Commanders and leaders
- Jacinto Romarate: Juan B. Azopardo

Strength
- 7 ships: 3 ships

Casualties and losses
- Unknown: 3 ships captured

= Battle of San Nicolás =

1811 naval engagement in the Argentine War of Independence

The Battle of San Nicolás was a naval engagement on 2 March 1811 on the Paraná River between the Spanish royalists from Montevideo, and the first flotilla created by the revolutionary government of Buenos Aires. It was the first engagement between the two fleets in the Río de la Plata region since the revolution, and a royalist victory.

== Background ==
On 25 May 1810 the River Plate colonies revolted against the Spanish Viceroy at the May Revolution in Buenos Aires, claiming the necessity of assuming local government due to the difficult situation in Spain, which was occupied by Napoleonic troops. The royalist authorities in Montevideo opposed the measure and declared a naval blockade of Buenos Aires. In the city of Montevideo, there was a navy base serving as port for the royal Spanish fleet in the South American Atlantic coast. The local Junta Grande (Buenos Aires' revolutionary government) decided to establish a fleet to contest the Spanish dominion of the local waters.

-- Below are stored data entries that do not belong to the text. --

lemma (in cring) primeideal_pow_imp_mem:
  assumes "primeideal P R" "a \<in> carrier R" "a [^] (n::nat) \<in> P"
  shows "a \<in> P"
  using assms(3)
proof (induction n)
  case 0
  then show ?case
    using ideal.one_imp_carrier[OF primeideal.axioms(1)[OF assms(1)]] primeideal.I_notcarr[OF assms(1)]
    by simp
next
  case (Suc n)
  then show ?case
    using primeideal.I_prime[OF assms(1), of "a [^] n" a] assms(2) by auto
qed

lemma valuation_domain_nonunits_primeideal:
  fixes R (structure)
  assumes "valuation_domain R"
  shows "primeideal (carrier R - Units R) R"
proof -
  interpret domain R
    using assms unfolding valuation_domain_def by blast
  let ?N = "carrier R - Units R"
  have mult: "x \<otimes> a \<in> ?N" if "a \<in> ?N" "x \<in> carrier R" for a x
    using that unit_factor[of a x] m_comm[of x a] by auto
  have add: "a \<oplus> b \<in> ?N" if ab: "a \<in> ?N" "b \<in> ?N" for a b
  proof -
    have "a \<in> carrier R" "b \<in> carrier R"
      using ab by auto
    then consider c where "c \<in> carrier R" "b = a \<otimes> c" | c where "c \<in> carrier R" "a = b \<otimes> c"
      using assms unfolding valuation_domain_def by blast
    then show ?thesis
    proof cases
      case (1 c)
      then have "a \<oplus> b = (\<one> \<oplus> c) \<otimes> a"
        using \<open>a \<in> carrier R\<close> by algebra
      then show ?thesis
        using mult[OF ab(1)] \<open>c \<in> carrier R\<close> by simp
    next
      case (2 c)
      then have "a \<oplus> b = (c \<oplus> \<one>) \<otimes> b"
        using \<open>b \<in> carrier R\<close> by algebra
      then show ?thesis
        using mult[OF ab(2)] \<open>c \<in> carrier R\<close> by simp
    qed
  qed
  have "subgroup ?N (add_monoid R)"
  proof (rule add.subgroupI)
    show "?N \<subseteq> carrier R" by auto
    show "?N \<noteq> {}"
      using zero_closed one_not_zero Units_r_inv_ex[of \<zero>] by force
    show "\<ominus> a \<in> ?N" if "a \<in> ?N" for a
      using mult[OF that, of "\<ominus> \<one>"] that by (simp add: l_minus)
    show "a \<oplus> b \<in> ?N" if "a \<in> ?N" "b \<in> ?N" for a b
      using add that .
  qed
  then show ?thesis
    by (intro primeidealI2 additive_subgroupI is_cring)
      (use mult m_comm Units_m_closed in \<open>auto simp: Units_one_closed\<close>)
qed

lemma (in cring) nonunits_subset_primeideal:
  assumes Q: "primeideal Q R" "q \<in> Q"
    and powers: "\<And>m. m \<in> carrier R - Units R \<Longrightarrow> \<exists>n::nat. q divides m [^] n"
  shows "carrier R - Units R \<subseteq> Q"
proof
  fix m assume m: "m \<in> carrier R - Units R"
  then obtain n :: nat and c where c: "c \<in> carrier R" "m [^] n = q \<otimes> c"
    using powers unfolding factor_def by blast
  then have "m [^] n \<in> Q"
    using ideal.I_r_closed[OF primeideal.axioms(1)[OF Q(1)] Q(2) c(1)] by simp
  then show "m \<in> Q"
    using primeideal_pow_imp_mem[OF Q(1)] m by blast
qed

== Creation of the rebel fleet ==
The Junta Grande which took control of the government in Buenos Aires named Francisco de Gurruchaga, as secretary of the Navy. He immediately set to work to create a small naval fleet. With effort, Gurruchaga bought five vessels of different types from local owners, and equipped three of them with artillery, which had been taken for the most part out of service as obsolete. He obtained a schooner, a brigantine and a sloop, christened respectively "Invencible", "25 de Mayo" and "América".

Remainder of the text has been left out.